### Problem description
Read through the data, and wherever a line holds the word "epsilon", write that line out.

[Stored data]
*** Block opens ***
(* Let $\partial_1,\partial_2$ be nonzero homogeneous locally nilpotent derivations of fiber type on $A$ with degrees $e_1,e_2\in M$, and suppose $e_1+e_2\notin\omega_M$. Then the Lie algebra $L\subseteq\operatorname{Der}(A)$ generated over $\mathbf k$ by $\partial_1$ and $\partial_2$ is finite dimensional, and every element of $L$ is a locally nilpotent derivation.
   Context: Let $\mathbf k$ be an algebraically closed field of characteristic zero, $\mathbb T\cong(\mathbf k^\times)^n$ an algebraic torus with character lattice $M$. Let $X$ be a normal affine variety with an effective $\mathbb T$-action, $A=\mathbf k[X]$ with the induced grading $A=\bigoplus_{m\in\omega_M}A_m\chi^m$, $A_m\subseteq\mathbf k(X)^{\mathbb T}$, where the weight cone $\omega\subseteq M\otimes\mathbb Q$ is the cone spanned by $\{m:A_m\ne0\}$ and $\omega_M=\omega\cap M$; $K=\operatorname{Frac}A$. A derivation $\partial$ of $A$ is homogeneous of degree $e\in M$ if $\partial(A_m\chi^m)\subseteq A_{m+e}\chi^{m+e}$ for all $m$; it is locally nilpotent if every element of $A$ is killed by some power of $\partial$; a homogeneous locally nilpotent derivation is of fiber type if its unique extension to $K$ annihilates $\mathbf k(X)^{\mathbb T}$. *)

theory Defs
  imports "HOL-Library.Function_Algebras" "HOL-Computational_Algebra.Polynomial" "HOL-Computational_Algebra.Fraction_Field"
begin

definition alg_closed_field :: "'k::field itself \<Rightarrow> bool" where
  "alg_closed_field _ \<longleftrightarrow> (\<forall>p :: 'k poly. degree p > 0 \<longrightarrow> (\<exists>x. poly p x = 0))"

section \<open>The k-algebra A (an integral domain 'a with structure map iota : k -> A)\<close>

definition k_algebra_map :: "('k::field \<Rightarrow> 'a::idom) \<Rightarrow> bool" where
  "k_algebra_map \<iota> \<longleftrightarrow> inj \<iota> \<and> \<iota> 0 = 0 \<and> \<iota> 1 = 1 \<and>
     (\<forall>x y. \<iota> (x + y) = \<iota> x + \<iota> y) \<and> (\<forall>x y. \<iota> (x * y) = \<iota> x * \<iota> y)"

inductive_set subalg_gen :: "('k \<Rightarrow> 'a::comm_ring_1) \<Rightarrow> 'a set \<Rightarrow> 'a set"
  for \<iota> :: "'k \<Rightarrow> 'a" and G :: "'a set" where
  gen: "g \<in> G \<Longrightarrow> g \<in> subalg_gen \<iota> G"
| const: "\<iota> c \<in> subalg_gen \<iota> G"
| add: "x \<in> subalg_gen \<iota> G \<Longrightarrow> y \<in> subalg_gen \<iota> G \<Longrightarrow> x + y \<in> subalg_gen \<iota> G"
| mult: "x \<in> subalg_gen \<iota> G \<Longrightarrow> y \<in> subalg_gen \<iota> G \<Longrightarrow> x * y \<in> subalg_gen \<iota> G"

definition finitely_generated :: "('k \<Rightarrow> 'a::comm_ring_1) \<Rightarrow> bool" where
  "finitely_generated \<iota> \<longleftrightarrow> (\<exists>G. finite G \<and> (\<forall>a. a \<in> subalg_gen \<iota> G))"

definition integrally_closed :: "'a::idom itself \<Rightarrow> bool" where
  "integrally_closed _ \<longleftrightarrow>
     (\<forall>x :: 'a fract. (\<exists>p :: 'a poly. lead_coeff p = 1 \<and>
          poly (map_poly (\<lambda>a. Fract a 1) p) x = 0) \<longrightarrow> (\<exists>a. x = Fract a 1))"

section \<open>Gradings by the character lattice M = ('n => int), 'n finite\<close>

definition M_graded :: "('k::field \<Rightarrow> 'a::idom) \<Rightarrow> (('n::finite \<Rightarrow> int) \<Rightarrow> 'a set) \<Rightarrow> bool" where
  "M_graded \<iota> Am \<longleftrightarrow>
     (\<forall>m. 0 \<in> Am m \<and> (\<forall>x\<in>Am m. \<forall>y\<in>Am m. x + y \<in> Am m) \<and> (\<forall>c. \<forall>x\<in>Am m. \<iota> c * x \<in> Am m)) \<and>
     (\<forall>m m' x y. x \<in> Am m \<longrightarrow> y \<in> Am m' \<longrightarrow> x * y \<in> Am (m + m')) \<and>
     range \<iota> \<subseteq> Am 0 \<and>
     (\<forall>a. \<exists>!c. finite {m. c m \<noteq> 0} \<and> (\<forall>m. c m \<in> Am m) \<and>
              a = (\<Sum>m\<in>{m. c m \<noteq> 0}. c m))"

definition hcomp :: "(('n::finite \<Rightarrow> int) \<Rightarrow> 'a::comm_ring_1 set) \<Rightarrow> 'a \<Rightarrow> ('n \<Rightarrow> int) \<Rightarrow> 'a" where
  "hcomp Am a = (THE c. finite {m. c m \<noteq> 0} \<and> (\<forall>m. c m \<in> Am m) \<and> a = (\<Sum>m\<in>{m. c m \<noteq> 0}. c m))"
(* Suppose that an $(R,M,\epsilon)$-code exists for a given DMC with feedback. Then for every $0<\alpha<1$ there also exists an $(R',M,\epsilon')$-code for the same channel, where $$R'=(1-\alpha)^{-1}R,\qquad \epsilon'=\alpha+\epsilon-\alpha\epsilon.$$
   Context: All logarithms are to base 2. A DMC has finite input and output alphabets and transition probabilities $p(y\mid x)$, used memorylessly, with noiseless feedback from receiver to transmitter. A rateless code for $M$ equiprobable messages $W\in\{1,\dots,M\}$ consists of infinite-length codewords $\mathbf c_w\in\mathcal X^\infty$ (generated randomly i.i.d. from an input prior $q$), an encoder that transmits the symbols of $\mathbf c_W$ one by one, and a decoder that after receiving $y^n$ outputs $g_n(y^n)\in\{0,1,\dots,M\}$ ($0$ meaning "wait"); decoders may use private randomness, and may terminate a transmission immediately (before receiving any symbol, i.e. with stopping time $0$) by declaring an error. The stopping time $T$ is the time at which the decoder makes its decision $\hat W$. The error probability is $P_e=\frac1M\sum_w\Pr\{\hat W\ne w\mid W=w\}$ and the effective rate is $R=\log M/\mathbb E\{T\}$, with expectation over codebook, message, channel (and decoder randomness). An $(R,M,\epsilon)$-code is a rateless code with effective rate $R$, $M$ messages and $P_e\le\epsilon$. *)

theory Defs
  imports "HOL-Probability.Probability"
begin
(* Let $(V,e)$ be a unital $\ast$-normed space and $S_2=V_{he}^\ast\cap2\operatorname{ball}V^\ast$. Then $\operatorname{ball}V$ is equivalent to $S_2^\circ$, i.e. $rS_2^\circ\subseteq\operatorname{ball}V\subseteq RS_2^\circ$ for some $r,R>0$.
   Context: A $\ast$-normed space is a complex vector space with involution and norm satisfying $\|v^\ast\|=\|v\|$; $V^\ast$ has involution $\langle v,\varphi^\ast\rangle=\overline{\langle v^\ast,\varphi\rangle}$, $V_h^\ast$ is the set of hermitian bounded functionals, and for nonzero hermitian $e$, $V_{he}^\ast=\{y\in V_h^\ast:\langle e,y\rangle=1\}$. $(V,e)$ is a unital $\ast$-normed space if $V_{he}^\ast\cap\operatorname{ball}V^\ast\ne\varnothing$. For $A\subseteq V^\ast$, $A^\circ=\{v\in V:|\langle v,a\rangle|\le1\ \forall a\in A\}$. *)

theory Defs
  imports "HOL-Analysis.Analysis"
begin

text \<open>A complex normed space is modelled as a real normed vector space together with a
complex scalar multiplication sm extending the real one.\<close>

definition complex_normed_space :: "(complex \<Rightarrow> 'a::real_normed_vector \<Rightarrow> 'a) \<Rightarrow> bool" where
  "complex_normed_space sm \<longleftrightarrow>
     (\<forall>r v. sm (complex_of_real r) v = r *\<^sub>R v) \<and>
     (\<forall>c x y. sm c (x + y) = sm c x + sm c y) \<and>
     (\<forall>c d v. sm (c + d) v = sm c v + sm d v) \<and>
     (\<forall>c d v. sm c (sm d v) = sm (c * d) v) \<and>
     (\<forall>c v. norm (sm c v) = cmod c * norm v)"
*** Block closes ***
### Completed exercise
(* Suppose that an $(R,M,\epsilon)$-code exists for a given DMC with feedback. Then for every $0<\alpha<1$ there also exists an $(R',M,\epsilon')$-code for the same channel, where $$R'=(1-\alpha)^{-1}R,\qquad \epsilon'=\alpha+\epsilon-\alpha\epsilon.$$
   Context: All logarithms are to base 2. A DMC has finite input and output alphabets and transition probabilities $p(y\mid x)$, used memorylessly, with noiseless feedback from receiver to transmitter. A rateless code for $M$ equiprobable messages $W\in\{1,\dots,M\}$ consists of infinite-length codewords $\mathbf c_w\in\mathcal X^\infty$ (generated randomly i.i.d. from an input prior $q$), an encoder that transmits the symbols of $\mathbf c_W$ one by one, and a decoder that after receiving $y^n$ outputs $g_n(y^n)\in\{0,1,\dots,M\}$ ($0$ meaning "wait"); decoders may use private randomness, and may terminate a transmission immediately (before receiving any symbol, i.e. with stopping time $0$) by declaring an error. The stopping time $T$ is the time at which the decoder makes its decision $\hat W$. The error probability is $P_e=\frac1M\sum_w\Pr\{\hat W\ne w\mid W=w\}$ and the effective rate is $R=\log M/\mathbb E\{T\}$, with expectation over codebook, message, channel (and decoder randomness). An $(R,M,\epsilon)$-code is a rateless code with effective rate $R$, $M$ messages and $P_e\le\epsilon$. *)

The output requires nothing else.